Challenges and Common Errors in Segment Interpretation
Interpreting lung segments in imaging requires high accuracy, a deep understanding of anatomy, and a flexible spatial orientation. Errors in segment identification can directly affect diagnostic decisions, treatment, and surgical interventions. The complexity of the anatomical distribution, especially at the interface between segments, is the cause of many clinical challenges.
Confusion between adjacent segments
One of the common errors is confusion between S1 and S2 in the upper lobe or between S6 and S10 in the lower lobe. The similarity in location can be confusing, especially on the axial view, when the lesion is located near the interlobular fissure.
Influence of anatomical variations
Some patients have segmental variations such as S7–S8 fusion or bronchovascular deviation, leading to confusion in localization. Failure to detect these variations may result in misleading lesion reporting.

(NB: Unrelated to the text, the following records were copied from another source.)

definition add_gen :: "'a::ab_group_add set \<Rightarrow> 'a set" where
  "add_gen X = \<Inter>{H. is_add_subgroup H \<and> X \<subseteq> H}"

definition star_set :: "('a::ab_group_add \<Rightarrow> 'a \<Rightarrow> 'a) \<Rightarrow> 'a set \<Rightarrow> 'a set \<Rightarrow> 'a set" where
  "star_set mul L M = add_gen {bstar mul l m | l m. l \<in> L \<and> m \<in> M}"

text \<open>rser mul r = A^(r), lser mul r = A^r, for r >= 1 (index 0 set to A, unused).\<close>
fun rser :: "('a::ab_group_add \<Rightarrow> 'a \<Rightarrow> 'a) \<Rightarrow> nat \<Rightarrow> 'a set" where
  "rser mul 0 = UNIV"
| "rser mul (Suc 0) = UNIV"
| "rser mul (Suc (Suc n)) = star_set mul (rser mul (Suc n)) UNIV"

fun lser :: "('a::ab_group_add \<Rightarrow> 'a \<Rightarrow> 'a) \<Rightarrow> nat \<Rightarrow> 'a set" where
  "lser mul 0 = UNIV"
| "lser mul (Suc 0) = UNIV"
| "lser mul (Suc (Suc n)) = star_set mul UNIV (lser mul (Suc n))"

definition is_subbrace :: "('a::ab_group_add \<Rightarrow> 'a \<Rightarrow> 'a) \<Rightarrow> 'a set \<Rightarrow> bool" where
  "is_subbrace mul B \<longleftrightarrow> is_add_subgroup B \<and> is_mul_subgroup mul B"

definition subbrace_gen :: "('a::ab_group_add \<Rightarrow> 'a \<Rightarrow> 'a) \<Rightarrow> 'a \<Rightarrow> 'a set" where
  "subbrace_gen mul a = \<Inter>{B. is_subbrace mul B \<and> a \<in> B}"

fun aseq :: "('a::ab_group_add \<Rightarrow> 'a \<Rightarrow> 'a) \<Rightarrow> 'a \<Rightarrow> nat \<Rightarrow> 'a" where
  "aseq mul a 0 = a"
| "aseq mul a (Suc 0) = a"
| "aseq mul a (Suc (Suc j)) = bstar mul a (aseq mul a (Suc j))"

definition zsmul :: "int \<Rightarrow> 'a::ab_group_add \<Rightarrow> 'a" where
  "zsmul t x = (if 0 \<le> t then ((+) x ^^ nat t) 0 else - (((+) x ^^ nat (- t)) 0))"

end

theory Submission
  imports Defs
begin

text \<open>For each x the map c \<mapsto> x * c is additive, and its k-th iterate takes values in
A^(k+1), so it is nilpotent; in particular a_(m+1) = 0 and S, the additive span of
a_1, ..., a_m, is mapped into itself by c \<mapsto> a * c. Since A^(3) = 0, elements of A * A
act trivially from the left, which yields (x + y) * c = x * c + y * c + x * (y * c). Hence
the x with x * S \<subseteq> S form an additive subgroup (for negation one uses that z + x * z \<in> S
forces z \<in> S, by nilpotence). This subgroup contains a and all a_k with k \<ge> 2, so
S * S \<subseteq> S, and therefore S is closed under xy = x + y + x * y and under inverses.
Conversely, every subbrace containing a contains a_(j+1) = -a + a a_j - a_j for all j.\<close>

lemma add_funpow_add:
  "((+) x ^^ (p + q)) 0 = ((+) x ^^ p) 0 + ((+) x ^^ q) (0 :: 'a::ab_group_add)"
  by (induction p) (simp_all add: add.assoc)

lemma zsmul_of_nat_diff:
  "zsmul (int p - int q) x = ((+) x ^^ p) 0 - ((+) x ^^ q) (0 :: 'a::ab_group_add)"
proof (cases "q \<le> p")
  case True
  then have "((+) x ^^ p) 0 = ((+) x ^^ (p - q)) 0 + ((+) x ^^ q) 0"
    by (metis add_funpow_add le_add_diff_inverse2)
  moreover have "nat (int p - int q) = p - q" using True by simp
  ultimately show ?thesis using True by (simp add: zsmul_def)
next
  case False
  then have "((+) x ^^ q) 0 = ((+) x ^^ (q - p)) 0 + ((+) x ^^ p) 0"
    by (metis add_funpow_add le_add_diff_inverse2 nat_le_linear)
  moreover have "nat (- (int p - int q)) = q - p" using False by simp
  ultimately show ?thesis using False by (simp add: zsmul_def)
qed

lemma zsmul_add: "zsmul (s + t) x = zsmul s x + zsmul t (x :: 'a::ab_group_add)"
proof -
  obtain p q p' q' where st: "s = int p - int q" "t = int p' - int q'"
    by (meson int_diff_cases)
  have "s + t = int (p + p') - int (q + q')" using st by simp
  then show ?thesis by (simp only: st zsmul_of_nat_diff) (simp add: add_funpow_add)
qed

lemma zsmul_uminus: "zsmul (- t) x = - zsmul t (x :: 'a::ab_group_add)"
  using zsmul_add[of t "- t" x] by (simp add: zsmul_def eq_neg_iff_add_eq_0 add.commute)

lemma zsmul_1 [simp]: "zsmul 1 x = x"
  by (simp add: zsmul_def)

lemma zsmul_0 [simp]: "zsmul 0 x = 0"
  by (simp add: zsmul_def)


lemma is_add_subgroup_zero: "is_add_subgroup H \<Longrightarrow> 0 \<in> H"
  by (simp add: is_add_subgroup_def)

lemma is_add_subgroup_add: "is_add_subgroup H \<Longrightarrow> x \<in> H \<Longrightarrow> y \<in> H \<Longrightarrow> x + y \<in> H"
  by (simp add: is_add_subgroup_def)

lemma is_add_subgroup_uminus: "is_add_subgroup H \<Longrightarrow> x \<in> H \<Longrightarrow> - x \<in> H"
  by (simp add: is_add_subgroup_def)

lemma is_add_subgroup_diff: "is_add_subgroup H \<Longrightarrow> x \<in> H \<Longrightarrow> y \<in> H \<Longrightarrow> x - y \<in> H"
  by (metis diff_conv_add_uminus is_add_subgroup_add is_add_subgroup_uminus)

lemma is_add_subgroup_zsmul: "is_add_subgroup H \<Longrightarrow> x \<in> H \<Longrightarrow> zsmul t x \<in> H"
proof -
  assume H: "is_add_subgroup H" and x: "x \<in> H"
  have "((+) x ^^ n) 0 \<in> H" for n
    by (induction n) (simp_all add: H x is_add_subgroup_zero is_add_subgroup_add)
  then show ?thesis by (simp add: zsmul_def H is_add_subgroup_uminus)
qed

lemma is_add_subgroup_sum:
  "is_add_subgroup H \<Longrightarrow> (\<And>i. i \<in> I \<Longrightarrow> g i \<in> H) \<Longrightarrow> sum g I \<in> H"
  by (induction I rule: infinite_finite_induct)
    (simp_all add: is_add_subgroup_zero is_add_subgroup_add)

lemma is_add_subgroup_vimage:
  assumes additive: "\<And>u v. f (u + v) = f u + f v" and H: "is_add_subgroup H"
  shows "is_add_subgroup (f -` H)"
proof -
  have f0: "f 0 = 0" using additive[of 0 0] by simp
  have "f (- u) = - f u" for u
    using additive[of u "- u"] by (simp add: f0 eq_neg_iff_add_eq_0 add.commute)
  with f0 H show ?thesis by (simp add: is_add_subgroup_def additive)
qed

definition int_combinations :: "('i \<Rightarrow> 'a::ab_group_add) \<Rightarrow> 'i set \<Rightarrow> 'a set" where
  "int_combinations g I = {x. \<exists>t :: 'i \<Rightarrow> int. x = (\<Sum>i\<in>I. zsmul (t i) (g i))}"

lemma is_add_subgroup_int_combinations: "is_add_subgroup (int_combinations g I)"
proof -
  have "\<exists>u. (\<Sum>i\<in>I. zsmul (t i) (g i)) + (\<Sum>i\<in>I. zsmul (s i) (g i))
          = (\<Sum>i\<in>I. zsmul (u i) (g i))" for t s
    by (rule exI[of _ "\<lambda>i. t i + s i"]) (simp add: zsmul_add sum.distrib)
  moreover have "\<exists>u. - (\<Sum>i\<in>I. zsmul (t i) (g i)) = (\<Sum>i\<in>I. zsmul (u i) (g i))" for t
    by (rule exI[of _ "\<lambda>i. - t i"]) (simp add: zsmul_uminus sum_negf)
  moreover have "\<exists>t. 0 = (\<Sum>i\<in>I. zsmul (t i) (g i))"
    by (rule exI[of _ "\<lambda>_. 0"]) simp
  ultimately show ?thesis
    unfolding is_add_subgroup_def int_combinations_def by blast
qed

Imaging limitations within the pathologic parenchyma
Diffuse lesions, atelectasis, or pleural effusions may obscure important anatomic landmarks. In these cases, segmentation should be inferred from the associated bronchi or vessels, rather than relying solely on parenchymal images.
Human factors and clinical experience
Interpretation depends on experience with the film, multiplanar reconstruction skills, and deep anatomic knowledge. Early training in clear segmentation orientation is critical to long-term accuracy.
Conclusion
Lung segmentation is the key to accurately understanding the anatomical map inside the thorax. Each segment represents an independent functional unit, with clear directional value in diagnosing and treating respiratory diseases.
Applying CT and HRCT in segmentation helps doctors see high-resolution lesions, reproducing three-dimensional space sharply. Radiopaedia provides a standardized classification system, supporting global image reporting synchronization.
By mastering the segmentation, doctors can read the film accurately and predict the pathology, optimize interventions, and individualize treatment for each patient.
Frequently Asked Questions (FAQs)
- Are the lung segments the same in both lungs? – Lung segmental structures are similar in principle but differ in detail between the two. The right lung has three lobes and ten distinct segments, while the left lung typically has a lingular and basal fusion.
- Is Radiopaedia an authoritative reference? – Radiopaedia is a widely recognized medical imaging platform whose content is reviewed by global experts. Its segmentation system is highly standardized and has practical clinical value.
- How do CT and HRCT differ in segment identification? – CT provides a global anatomical image, while HRCT emphasizes parenchymal detail. Combining both techniques allows for accurate segment identification in conditions ranging from pulmonary nodules to interstitial fibrosis.
- What are common errors when reading lung segments? – Confusion between adjacent segments, failure to recognize anatomic variations, and misjudging the location of lesions due to obscured pathological parenchyma are the three most common errors in practice.
- Can lung segments be identified using plain radiography? – Standard chest radiography provides only a general view of the lung and insufficient resolution to accurately delineate individual segments. Segment identification requires cross-sectional imaging such as CT or HRCT.